The goal of rehabilitation varies with the chronicity of stroke. In the present investigation,[6] the authors recruited subjects with the average post stroke duration of 17 months. The neural-based motor recovery usually retards after one year of the stroke onset. Therapeutic interventions in the form of bilateral movement performance, performance of active movements, the functional usage of limbs, weight bearing on lower limbs, and encouraging mobility of limbs may be beneficial during the chronic stage of stroke. The approach often prevents the occurrence of common complications such as an asymmetrical posture and gait, the development of contractures as well as deformities, the occurrence of frequent falls, and the exacerbation of functional dependence of patients undergoing rehabilitation so that they are confined to a wheelchair or bed.
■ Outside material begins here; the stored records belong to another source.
lemma normal_constellation_CdE: "normal_constellation P (C_comp m) C_D"
  unfolding normal_constellation_def
proof (intro conjI ballI impI constellation_CdE)
  fix x
  assume "x \<in> P"
  then show "nat_le (C_comp m) C_D x x"
    by (cases x) (auto simp: nat_le_C_Pair_iff CdE_Pair_iff idem)
next
  fix x y z
  assume "nat_le (C_comp m) C_D x y \<and> nat_le (C_comp m) C_D y z"
  then show "nat_le (C_comp m) C_D x z"
    by (cases x, cases y, cases z) (simp add: nat_le_C_Pair_iff, metis assoc)
qed (use nat_le_antisym_CdE in blast)

lemma C_D_image_CdE: "e \<in> C_D ` P \<Longrightarrow> \<exists>g\<in>E. e = (g, g)"
  by (auto simp: CdE_Pair_iff C_D_def)

lemma corestr_mult_CdE:
  assumes x: "(a, s) \<in> P" and y: "(b, t) \<in> P" and g: "g \<in> E" and sb: "m s b = s"
  shows "C_D (corestr P (C_comp m) C_D (a, m s t) (g, g))
    = C_D (corestr P (C_comp m) C_D (a, s) (C_D (corestr P (C_comp m) C_D (b, t) (g, g))))"
proof -
  have b: "b \<in> E"
    using y by (simp add: CdE_Pair_iff)
  have "w b (dot t g) \<in> E"
    using meet_in_E b dot_in_E g by blast
  moreover have "dot (m s t) g = dot s (w b (dot t g))"
    using dot_mult[OF g b sb right_fix_d_of_CdE[OF y sb]] .
  ultimately show ?thesis
    using x y g CdE_comp_closed[OF x y sb] by (simp add: corestr_CdE)
qed
(* Let $m\ge1$, let $p_1,\dots,p_m\ge 0$ with $p_1+\cdots+p_m=1$, and let $S$ be a finite nonempty word on $[m]$ all of whose letters have positive probability. Roll a die showing face $i$ with probability $p_i$ independently until $S$ first appears as a block of consecutive outcomes, and let $Y$ be the number of rolls. Then \[ \operatorname{Var}(Y) = E(Y^2)-E(Y)^2 = \left(\sum_{R\in\operatorname{overlap}(S)} \frac{1}{P(R)} \right)^2 + \sum_{R\in\operatorname{overlap}(S)} \frac{(1-|R|)^2-|R|^2}{P(R)}. \]
   Context: For a word $w=w_1\cdots w_\ell$, $|w|=\ell$ and $P(w)=p_{w_1}\cdots p_{w_\ell}$. An overlap of $S$ is a nonempty word that is both a prefix and a suffix of $S$ (including $S$ itself); $\operatorname{overlap}(S)$ is the set of overlaps. *)

theory Defs
  imports "HOL-Probability.Probability" "HOL-Library.Sublist"
begin

definition die :: "nat \<Rightarrow> (nat \<Rightarrow> real) \<Rightarrow> nat pmf" where
  "die m p = embed_pmf (\<lambda>i. if i \<in> {1..m} then p i else 0)"

definition rolls :: "nat \<Rightarrow> (nat \<Rightarrow> real) \<Rightarrow> nat stream measure" where
  "rolls m p = stream_space (measure_pmf (die m p))"

definition wait_time :: "nat list \<Rightarrow> nat stream \<Rightarrow> nat" where
  "wait_time S \<omega> = (LEAST n. length S \<le> n \<and> drop (n - length S) (stake n \<omega>) = S)"

definition wprob :: "(nat \<Rightarrow> real) \<Rightarrow> nat list \<Rightarrow> real" where
  "wprob p w = prod_list (map p w)"

definition overlap :: "'a list \<Rightarrow> 'a list set" where
  "overlap S = {R. R \<noteq> [] \<and> prefix R S \<and> suffix R S}"

end

theory Submission
  imports Defs
begin

(* If S has not occurred among the first n rolls and the rolls
   n+1, ..., n+|S| spell S, then the first occurrence of S ends inside this block, at n+|R| for
   a unique overlap R of S, and is followed by the remaining letters of S.  Since disjoint blocks
   of rolls are independent, this gives P(Y > n) P(S) = sum_R P(Y = n+|R|) P(S)/P(R).
   Multiplying by g(n) >= 0 and summing over n yields E[sum_{k<Y} g(k)] = sum_R E[g(Y-|R|)]/P(R).
   For g = 1 the right-hand side is finite, so Y is almost surely finite and E(Y) = sum_R 1/P(R);
   for g(k) = 2k+1 it gives E(Y^2) = sum_R (2 E(Y) - 2|R| + 1)/P(R), and the variance follows. *)

section \<open>Independence of the rolls\<close>

definition sprefix :: "'a list \<Rightarrow> 'a stream \<Rightarrow> bool" where
  "sprefix w \<omega> \<longleftrightarrow> stake (length w) \<omega> = w"

lemma sprefix_Nil [simp]: "sprefix [] \<omega>"
  by (simp add: sprefix_def)

lemma sprefix_Cons [simp]: "sprefix (x # w) \<omega> \<longleftrightarrow> shd \<omega> = x \<and> sprefix w (stl \<omega>)"
  by (simp add: sprefix_def)

lemma sprefix_append: "sprefix (u @ v) \<omega> \<longleftrightarrow> sprefix u \<omega> \<and> sprefix v (sdrop (length u) \<omega>)"
  by (induction u arbitrary: \<omega>) auto

lemma sprefix_iff_snth: "sprefix w \<omega> \<longleftrightarrow> (\<forall>i<length w. \<omega> !! i = w ! i)"
  by (induction w arbitrary: \<omega>) (auto simp: nth_Cons split: nat.split)

lemma sprefix_same_length: "sprefix u \<omega> \<Longrightarrow> sprefix v \<omega> \<Longrightarrow> length u = length v \<Longrightarrow> u = v"
  by (simp add: sprefix_def)

lemma prob_space_stream_space_pmf: "prob_space (stream_space (measure_pmf D))"
  by (rule prob_space.prob_space_stream_space[OF prob_space_measure_pmf])

lemma measurable_stake_pmf [measurable]:
  "stake n \<in> measurable (stream_space (measure_pmf (D :: 'a::countable pmf))) (count_space UNIV)"
  by (subst measurable_cong_sets[OF sets_stream_space_cong[OF sets_measure_pmf_count_space] refl])
     (rule measurable_stake)

lemma measurable_stream_space_pmf_prefix_determined:
  fixes f :: "'a::countable stream \<Rightarrow> 'b"
  assumes "space N = UNIV"
    and "\<And>\<omega> \<omega>'. (\<And>i. i < n \<Longrightarrow> \<omega> !! i = \<omega>' !! i) \<Longrightarrow> f \<omega> = f \<omega>'"
  shows "f \<in> measurable (stream_space (measure_pmf D)) N"
proof -
  fix s :: "'a stream"
  have "f = (\<lambda>\<omega>. f (stake n \<omega> @- s))"
    by (intro ext assms(2)) (simp add: shift_snth_less)
  also have "\<dots> \<in> measurable (stream_space (measure_pmf D)) N"
    by (rule measurable_compose[OF measurable_stake_pmf]) (simp add: assms(1))
  finally show ?thesis .
qed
After stroke, the motor recovery progresses typically and hierarchically in a pattern of stages. The recovery evolves from flaccid to reflexive, from a synergistic state to a state of mixed synergy, and from an out-of-synergy stage to a near-to-normal awkward stage. A thorough understanding and recognition of these patterns forms the foundation of any motor-rehabilitation program. The measures, such as Brunnstrom recovery stages and Fugl-Meyer assessment, based on the hierarchic model of recovery, are vastly applied in research as well as in clinical practice.[10] These measures discern the issue of abnormal synergy and its interference with motor recovery. In contrast, the principles of manual muscle testing cannot be applied in a majority of the post-stroke subjects due to the presence of abnormal synergy and/or spasticity. Further, stroke–specific functional measures, such as the Wolf motor function test, is also getting due attention for determining the upper limb functional deficits. Generic functional measures only provide a level of independence, irrespective of the method of performance. A hemiparetic subject may be independent in all the activities of daily living with the help of the non-paretic limb.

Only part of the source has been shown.